What you need to produce from the material below is an exact transcription of the lines from the one with "C c' = scope" through the one with "using decomposable unfolding", both included, and no other line.

*-*-*

lemma scope_nonempty: "n \<in> nodes C \<Longrightarrow> scope C n \<noteq> {}"
proof (induction n rule: wf_induct_rule[OF wf_children])
  case (1 n)
  show ?case
  proof (cases "kind C n = InputN")
    case True
    then show ?thesis using 1 by (simp add: scope_rec)
  next
    case False
    then obtain c where c: "c \<in> ch C n"
      using input_iff_no_children 1 by blast
    then have "scope C c \<noteq> {}"
      using 1 children_in_nodes by auto
    then show ?thesis
      using False c 1 by (auto simp: scope_rec)
  qed
qed

lemma scope_descendant_subset: "(c, m) \<in> (dag_rel C)\<^sup>* \<Longrightarrow> scope C m \<subseteq> scope C c"
proof
  fix v assume cm: "(c, m) \<in> (dag_rel C)\<^sup>*" and "v \<in> scope C m"
  then obtain m' where "v = ivar C m'" "(m, m') \<in> (dag_rel C)\<^sup>*" "kind C m' = InputN"
    unfolding scope_def by blast
  moreover have "(c, m') \<in> (dag_rel C)\<^sup>*"
    using cm calculation(2) by (rule rtrancl_trans)
  ultimately show "v \<in> scope C c"
    unfolding scope_def by blast
qed

lemma scope_sum_child:
  assumes "n \<in> nodes C" "kind C n = SumN" "c \<in> ch C n"
  shows "scope C n = scope C c"
proof -
  have "\<forall>c'\<in>ch C n. scope C c' = scope C c"
    using smooth assms unfolding smooth_def by blast
  moreover have "scope C n = (\<Union>c'\<in>ch C n. scope C c')"
    using scope_rec[OF assms(1)] assms(2) by simp
  ultimately show ?thesis
    using assms(3) by blast
qed

lemma scope_prod_children_disjoint:
  "n \<in> nodes C \<Longrightarrow> kind C n = ProdN \<Longrightarrow> c \<in> ch C n \<Longrightarrow> c' \<in> ch C n \<Longrightarrow>
   c \<noteq> c' \<Longrightarrow> scope C c \<inter> scope C c' = {}"
  using decomposable unfolding decomposable_def by blast
(* Let $(\Sigma(t),\beta(t))$ be a solution of Hamilton's equations $\frac{d}{dt}(\Sigma,\beta_\Sigma)=X_h(\Sigma,\beta_\Sigma)$ starting at a point of $\mathcal{R}_{1,0}$, and let $\Gamma(t)$ be the closed plane curve whose rotation about the vertical axis gives $\Sigma(t)$. Let $f(t,\rho)=(\xi(t,\rho),\eta(t,\rho))$ be the parametrization of $\Gamma(t)$ moving normally, $f_t=k_g\,n_\Gamma\circ f$ with $n_\Gamma$ the unit normal of $\Gamma$. Then $$\xi_t=\frac{\xi_\rho\eta_\rho}{\xi(\xi_\rho^2+\eta_\rho^2)},\qquad \eta_t=-\frac{\xi_\rho^2}{\xi(\xi_\rho^2+\eta_\rho^2)},$$ and the vorticity density $\beta(t)=\zeta_\rho d\rho$ evolves by $$\zeta_t=-\frac{\eta_\rho\zeta_\rho}{\xi(\xi_\rho^2+\eta_\rho^2)}.$$
   Context: Setting: $\mu$ Euclidean volume form on $\mathbb{R}^3$, $d\nu=\mu$, $a>0$; $S$ compact oriented surface with closed nowhere-vanishing 1-form $\beta$ with period group $\ell\mathbb{Z}$; $\mathrm{Gr}_a^{S,\beta}$ the set of pairs $(\Sigma,\beta_\Sigma)$ ($\Sigma\subset\mathbb{R}^3$ oriented embedded surface, $\int_\Sigma\nu=a$, orientation-preserving $\Psi:S\to\Sigma$ with $\Psi^*\beta_\Sigma=\beta$). Vortex lines are fibers of $b_\Sigma:\Sigma\to\mathbb{R}/\ell\mathbb{Z}$ with $\beta_\Sigma=b_\Sigma^*\vartheta_\ell$. Darboux frame $\{T,n_g,n\}$ of vortex lines: $n$ unit normal of $\Sigma$ compatible with orientations, $T$ unit tangent, $n_g=n\times T$, oriented so $\beta_\Sigma(n_g)>0$; $kN=k_gn_g+k_nn$ is the curvature vector of a vortex line. Tangent vectors at $(\Sigma,\beta_\Sigma)$ are pairs (normal velocity $\rho\in C^\infty(\Sigma)$ with $\int\rho\,\mu_\Sigma=0$, $\mu_\Sigma=i_n\mu$; exact variation $d\lambda$ of $\beta_\Sigma$), and the Hamiltonian vector field of $h=\int_{\mathbb{T}_\ell}\mathrm{length}(C_z)\vartheta_\ell$ is $X_h=(k_g,-d(k_n\beta_\Sigma(n_g)))$. $\mathcal{R}_{1,0}$ consists of the $(\Sigma,\beta_\Sigma)$ where $\Sigma$ is the surface of revolution $(\xi(\rho)\cos\theta,\xi(\rho)\sin\theta,\eta(\rho))$, $\xi>0$, $\rho,\theta\in\mathbb{R}/2\pi\mathbb{Z}$, obtained by rotating the closed plane curve $\Gamma=(\xi,\eta)$ about the vertical axis, oriented so that $n=(\xi_\rho^2+\eta_\rho^2)^{-1/2}(-\eta_\rho\cos\theta,-\eta_\rho\sin\theta,\xi_\rho)$, and $\beta_\Sigma=\zeta_\rho d\rho$ with $\zeta_\rho>0$ and $\zeta(\rho+2\pi)=\zeta(\rho)+\ell$ (vortex lines are the parallel circles). Then $k_g=-\xi_\rho/(\xi\sqrt{\xi_\rho^2+\eta_\rho^2})$, $k_n=\eta_\rho/(\xi\sqrt{\xi_\rho^2+\eta_\rho^2})$. *)

theory Defs
  imports "HOL-Analysis.Analysis"
begin

text \<open>
  A time-dependent point of R_{1,0} is
  described by profile functions xi, eta, zeta :: real => real => real, written
  xi t rho etc.  The surface Sigma(t) is
     F(t,rho,theta) = (xi cos theta, xi sin theta, eta),
  obtained by rotating the closed plane curve Gamma(t) = f(t,.) = (xi(t,.), eta(t,.))
  about the vertical axis, and beta(t) = zeta_rho d rho.
\<close>

definition pd_rho :: "(real \<Rightarrow> real \<Rightarrow> real) \<Rightarrow> real \<Rightarrow> real \<Rightarrow> real" where
  "pd_rho g t r = deriv (\<lambda>r'. g t r') r"

definition pd_t :: "(real \<Rightarrow> real \<Rightarrow> real) \<Rightarrow> real \<Rightarrow> real \<Rightarrow> real" where
  "pd_t g t r = deriv (\<lambda>s. g s r) t"

definition speed2 :: "(real \<Rightarrow> real \<Rightarrow> real) \<Rightarrow> (real \<Rightarrow> real \<Rightarrow> real) \<Rightarrow> real \<Rightarrow> real \<Rightarrow> real" where
  "speed2 xi eta t r = (pd_rho xi t r)\<^sup>2 + (pd_rho eta t r)\<^sup>2"

text \<open>geodesic and normal curvature of the vortex lines (parallel circles), as in the setting\<close>
definition geod_curv :: "(real \<Rightarrow> real \<Rightarrow> real) \<Rightarrow> (real \<Rightarrow> real \<Rightarrow> real) \<Rightarrow> real \<Rightarrow> real \<Rightarrow> real" where
  "geod_curv xi eta t r = - pd_rho xi t r / (xi t r * sqrt (speed2 xi eta t r))"

definition norm_curv :: "(real \<Rightarrow> real \<Rightarrow> real) \<Rightarrow> (real \<Rightarrow> real \<Rightarrow> real) \<Rightarrow> real \<Rightarrow> real \<Rightarrow> real" where
  "norm_curv xi eta t r = pd_rho eta t r / (xi t r * sqrt (speed2 xi eta t r))"

definition profile_normal :: "(real \<Rightarrow> real \<Rightarrow> real) \<Rightarrow> (real \<Rightarrow> real \<Rightarrow> real) \<Rightarrow> real \<Rightarrow> real \<Rightarrow> real \<times> real" where
  "profile_normal xi eta t r =
     (- pd_rho eta t r / sqrt (speed2 xi eta t r), pd_rho xi t r / sqrt (speed2 xi eta t r))"

definition surf_normal :: "(real \<Rightarrow> real \<Rightarrow> real) \<Rightarrow> (real \<Rightarrow> real \<Rightarrow> real) \<Rightarrow> real \<Rightarrow> real \<Rightarrow> real \<Rightarrow> real^3" where
  "surf_normal xi eta t r \<theta> =
     vector [- pd_rho eta t r * cos \<theta> / sqrt (speed2 xi eta t r),
             - pd_rho eta t r * sin \<theta> / sqrt (speed2 xi eta t r),
               pd_rho xi t r / sqrt (speed2 xi eta t r)]"

definition surf_drho :: "(real \<Rightarrow> real \<Rightarrow> real) \<Rightarrow> (real \<Rightarrow> real \<Rightarrow> real) \<Rightarrow> real \<Rightarrow> real \<Rightarrow> real \<Rightarrow> real^3" where
  "surf_drho xi eta t r \<theta> = vector [pd_rho xi t r * cos \<theta>, pd_rho xi t r * sin \<theta>, pd_rho eta t r]"

text \<open>value of beta_Sigma = zeta_rho d rho on a tangent vector v at F(t,rho,theta).
  Since F_rho and F_theta are orthogonal, d rho (v) = (v . F_rho) / |F_rho|^2.\<close>
definition beta_on :: "(real \<Rightarrow> real \<Rightarrow> real) \<Rightarrow> (real \<Rightarrow> real \<Rightarrow> real) \<Rightarrow> (real \<Rightarrow> real \<Rightarrow> real)
    \<Rightarrow> real \<Rightarrow> real \<Rightarrow> real \<Rightarrow> real^3 \<Rightarrow> real" where
  "beta_on xi eta zeta t r \<theta> v =
     pd_rho zeta t r * ((v \<bullet> surf_drho xi eta t r \<theta>) / (surf_drho xi eta t r \<theta> \<bullet> surf_drho xi eta t r \<theta>))"

definition par_tangent :: "real \<Rightarrow> real^3" where
  "par_tangent \<theta> = vector [- sin \<theta>, cos \<theta>, 0]"

definition darboux_T :: "(real \<Rightarrow> real \<Rightarrow> real) \<Rightarrow> (real \<Rightarrow> real \<Rightarrow> real) \<Rightarrow> (real \<Rightarrow> real \<Rightarrow> real)
    \<Rightarrow> real \<Rightarrow> real \<Rightarrow> real \<Rightarrow> real^3" where
  "darboux_T xi eta zeta t r \<theta> =
     (if beta_on xi eta zeta t r \<theta> (cross3 (surf_normal xi eta t r \<theta>) (par_tangent \<theta>)) > 0
      then par_tangent \<theta> else - par_tangent \<theta>)"

definition darboux_ng :: "(real \<Rightarrow> real \<Rightarrow> real) \<Rightarrow> (real \<Rightarrow> real \<Rightarrow> real) \<Rightarrow> (real \<Rightarrow> real \<Rightarrow> real)
    \<Rightarrow> real \<Rightarrow> real \<Rightarrow> real \<Rightarrow> real^3" where
  "darboux_ng xi eta zeta t r \<theta> = cross3 (surf_normal xi eta t r \<theta>) (darboux_T xi eta zeta t r \<theta>)"

text \<open>the function lambda = - k_n beta_Sigma(n_g) whose differential is the beta-component of X_h\<close>
definition ham_pot :: "(real \<Rightarrow> real \<Rightarrow> real) \<Rightarrow> (real \<Rightarrow> real \<Rightarrow> real) \<Rightarrow> (real \<Rightarrow> real \<Rightarrow> real)
    \<Rightarrow> real \<Rightarrow> real \<Rightarrow> real \<Rightarrow> real" where
  "ham_pot xi eta zeta t r \<theta> =
     - norm_curv xi eta t r * beta_on xi eta zeta t r \<theta> (darboux_ng xi eta zeta t r \<theta>)"

end

theory Submission
  imports Defs
begin

(*
  The vortex lines of a surface of revolution are its parallel circles, so the Darboux frame
  is explicit: with F_rho the coordinate tangent, the sign condition beta(n_g) > 0 forces
  T = - par_tangent, hence n_g = F_rho / |F_rho| and beta(n_g) = zeta_rho / |F_rho|.  The
  potential lambda = - k_n beta(n_g) is therefore - eta_rho zeta_rho / (xi |F_rho|^2),
  independent of theta, and the beta-component of Hamilton's equations says zeta_t is its
  rho-derivative.  The profile equations are k_g n_Gamma written out.  The argument is
  pointwise: of the hypotheses on the data only regularity and zeta_rho > 0 are used.
*)

lemma surf_drho_inner_self:
  "surf_drho xi eta t r \<theta> \<bullet> surf_drho xi eta t r \<theta> = speed2 xi eta t r"
proof -
  have "surf_drho xi eta t r \<theta> \<bullet> surf_drho xi eta t r \<theta> =
      pd_rho xi t r * cos \<theta> * (pd_rho xi t r * cos \<theta>)
      + pd_rho xi t r * sin \<theta> * (pd_rho xi t r * sin \<theta>) + pd_rho eta t r * pd_rho eta t r"
    by (simp add: surf_drho_def inner_vec_def sum_3)
  also have "\<dots> = (pd_rho xi t r)\<^sup>2 * ((sin \<theta>)\<^sup>2 + (cos \<theta>)\<^sup>2) + (pd_rho eta t r)\<^sup>2"
    by algebra
  finally show ?thesis
    by (simp add: speed2_def)
qed

lemma surf_normal_cross_par_tangent:
  "cross3 (surf_normal xi eta t r \<theta>) (par_tangent \<theta>) =
     - (1 / sqrt (speed2 xi eta t r)) *\<^sub>R surf_drho xi eta t r \<theta>"
proof -
  have normal: "surf_normal xi eta t r \<theta> = (1 / sqrt (speed2 xi eta t r)) *\<^sub>R
      vector [- pd_rho eta t r * cos \<theta>, - pd_rho eta t r * sin \<theta>, pd_rho xi t r]"
    by (simp add: surf_normal_def vec_eq_iff forall_3)
  have "cross3 (vector [- pd_rho eta t r * cos \<theta>, - pd_rho eta t r * sin \<theta>, pd_rho xi t r])
      (par_tangent \<theta>) = - surf_drho xi eta t r \<theta>"
  proof -
    have "cos \<theta> * (cos \<theta> * pd_rho eta t r) + sin \<theta> * (sin \<theta> * pd_rho eta t r) =
        pd_rho eta t r * ((sin \<theta>)\<^sup>2 + (cos \<theta>)\<^sup>2)"
      by algebra
    then show ?thesis
      by (simp add: par_tangent_def surf_drho_def cross3_def vec_eq_iff forall_3
          algebra_simps power2_eq_square)
  qed
  then show ?thesis
    by (simp add: normal cross_mult_left)
qed

lemma beta_on_scaleR_surf_drho:
  assumes "speed2 xi eta t r \<noteq> 0"
  shows "beta_on xi eta zeta t r \<theta> (c *\<^sub>R surf_drho xi eta t r \<theta>) = c * pd_rho zeta t r"
  using assms by (simp add: beta_on_def surf_drho_inner_self)

lemma darboux_T_eq:
  assumes "speed2 xi eta t r > 0" and "pd_rho zeta t r > 0"
  shows "darboux_T xi eta zeta t r \<theta> = - par_tangent \<theta>"
proof -
  have "beta_on xi eta zeta t r \<theta> (cross3 (surf_normal xi eta t r \<theta>) (par_tangent \<theta>)) < 0"
    using assms by (simp add: surf_normal_cross_par_tangent beta_on_scaleR_surf_drho
      flip: scaleR_minus_left)
  then show ?thesis by (simp add: darboux_T_def)
qed

lemma darboux_ng_eq:
  assumes "speed2 xi eta t r > 0" and "pd_rho zeta t r > 0"
  shows "darboux_ng xi eta zeta t r \<theta> = (1 / sqrt (speed2 xi eta t r)) *\<^sub>R surf_drho xi eta t r \<theta>"
  using assms by (simp add: darboux_ng_def darboux_T_eq surf_normal_cross_par_tangent)

lemma ham_pot_eq:
  assumes "speed2 xi eta t r > 0" and "pd_rho zeta t r > 0"
  shows "ham_pot xi eta zeta t r \<theta> =
     - pd_rho eta t r * pd_rho zeta t r / (xi t r * speed2 xi eta t r)"
proof -
  have "ham_pot xi eta zeta t r \<theta> =
      - pd_rho eta t r * pd_rho zeta t r / (xi t r * (sqrt (speed2 xi eta t r))\<^sup>2)"
    using assms
    by (simp add: ham_pot_def darboux_ng_eq beta_on_scaleR_surf_drho norm_curv_def power2_eq_square)
  then show ?thesis
    using assms by simp
qed

lemma geod_curv_scaleR_profile_normal:
  "geod_curv xi eta t r *\<^sub>R profile_normal xi eta t r =
     (pd_rho xi t r * pd_rho eta t r / (xi t r * speed2 xi eta t r),
      - (pd_rho xi t r)\<^sup>2 / (xi t r * speed2 xi eta t r))"
proof -
  have "(sqrt (speed2 xi eta t r))\<^sup>2 = speed2 xi eta t r"
    by (simp add: speed2_def)
  then show ?thesis
    by (simp add: geod_curv_def profile_normal_def power2_eq_square)
qed

theorem theorem3p10:
  fixes \<xi> \<eta> \<zeta> :: "real \<Rightarrow> real \<Rightarrow> real" and J :: "real set" and ell :: real
  assumes J: "open J" "is_interval J" "0 \<in> J"
    and l_pos: "ell > 0"
    and smooth: "\<And>t r. t \<in> J \<Longrightarrow>
        (\<lambda>r'. \<xi> t r') differentiable (at r) \<and> (\<lambda>r'. \<eta> t r') differentiable (at r) \<and>
        (\<lambda>r'. \<zeta> t r') differentiable (at r) \<and>
        (\<lambda>s. \<xi> s r) differentiable (at t) \<and> (\<lambda>s. \<eta> s r) differentiable (at t) \<and>
        (\<lambda>s. \<zeta> s r) differentiable (at t) \<and> (\<lambda>s. pd_rho \<zeta> s r) differentiable (at t)"
    and xi_pos: "\<And>t r. t \<in> J \<Longrightarrow> \<xi> t r > 0"
    and regular: "\<And>t r. t \<in> J \<Longrightarrow> speed2 \<xi> \<eta> t r > 0"
    and periodic: "\<And>t r. t \<in> J \<Longrightarrow>
        \<xi> t (r + 2 * pi) = \<xi> t r \<and> \<eta> t (r + 2 * pi) = \<eta> t r \<and> \<zeta> t (r + 2 * pi) = \<zeta> t r + ell"
    and embedded: "\<And>t. t \<in> J \<Longrightarrow> inj_on (\<lambda>r. (\<xi> t r, \<eta> t r)) {0..<2 * pi}"
    and zeta_incr: "\<And>t r. t \<in> J \<Longrightarrow> pd_rho \<zeta> t r > 0"
    \<comment> \<open>Hamilton's equations, first component: the profile moves normally with normal velocity k_g\<close>
    and ham_normal: "\<And>t r. t \<in> J \<Longrightarrow>
        (pd_t \<xi> t r, pd_t \<eta> t r) = geod_curv \<xi> \<eta> t r *\<^sub>R profile_normal \<xi> \<eta> t r"
    \<comment> \<open>Hamilton's equations, second component: d/dt beta = d lambda, lambda = - k_n beta(n_g)\<close>
    and ham_beta: "\<And>t r \<theta>. t \<in> J \<Longrightarrow>
        pd_t (pd_rho \<zeta>) t r = deriv (\<lambda>r'. ham_pot \<xi> \<eta> \<zeta> t r' \<theta>) r \<and>
        0 = deriv (\<lambda>\<theta>'. ham_pot \<xi> \<eta> \<zeta> t r \<theta>') \<theta>"
  shows "\<forall>t\<in>J. \<forall>r.
      pd_t \<xi> t r = pd_rho \<xi> t r * pd_rho \<eta> t r / (\<xi> t r * speed2 \<xi> \<eta> t r) \<and>
      pd_t \<eta> t r = - (pd_rho \<xi> t r)\<^sup>2 / (\<xi> t r * speed2 \<xi> \<eta> t r) \<and>
      pd_t (pd_rho \<zeta>) t r =
        pd_rho (\<lambda>s r'. - pd_rho \<eta> s r' * pd_rho \<zeta> s r' / (\<xi> s r' * speed2 \<xi> \<eta> s r')) t r"
proof (intro ballI allI)
  fix t r
  assume t: "t \<in> J"
  have profile: "(pd_t \<xi> t r, pd_t \<eta> t r) =
      (pd_rho \<xi> t r * pd_rho \<eta> t r / (\<xi> t r * speed2 \<xi> \<eta> t r),
       - (pd_rho \<xi> t r)\<^sup>2 / (\<xi> t r * speed2 \<xi> \<eta> t r))"
    using ham_normal[OF t] by (simp add: geod_curv_scaleR_profile_normal)
  have potential: "(\<lambda>r'. ham_pot \<xi> \<eta> \<zeta> t r' 0) =
      (\<lambda>r'. - pd_rho \<eta> t r' * pd_rho \<zeta> t r' / (\<xi> t r' * speed2 \<xi> \<eta> t r'))"
    using ham_pot_eq regular[OF t] zeta_incr[OF t] by blast
  show "pd_t \<xi> t r = pd_rho \<xi> t r * pd_rho \<eta> t r / (\<xi> t r * speed2 \<xi> \<eta> t r) \<and>
      pd_t \<eta> t r = - (pd_rho \<xi> t r)\<^sup>2 / (\<xi> t r * speed2 \<xi> \<eta> t r) \<and>
      pd_t (pd_rho \<zeta>) t r =
        pd_rho (\<lambda>s r'. - pd_rho \<eta> s r' * pd_rho \<zeta> s r' / (\<xi> s r' * speed2 \<xi> \<eta> s r')) t r"
    using profile ham_beta[OF t, of r 0] potential by (simp add: pd_rho_def)
qed

end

*-*-*

→ Reply to the task:
  have "\<forall>c'\<in>ch C n. scope C c' = scope C c"
    using smooth assms unfolding smooth_def by blast
  moreover have "scope C n = (\<Union>c'\<in>ch C n. scope C c')"
    using scope_rec[OF assms(1)] assms(2) by simp
  ultimately show ?thesis
    using assms(3) by blast
qed

lemma scope_prod_children_disjoint:
  "n \<in> nodes C \<Longrightarrow> kind C n = ProdN \<Longrightarrow> c \<in> ch C n \<Longrightarrow> c' \<in> ch C n \<Longrightarrow>
   c \<noteq> c' \<Longrightarrow> scope C c \<inter> scope C c' = {}"
  using decomposable unfolding decomposable_def by blast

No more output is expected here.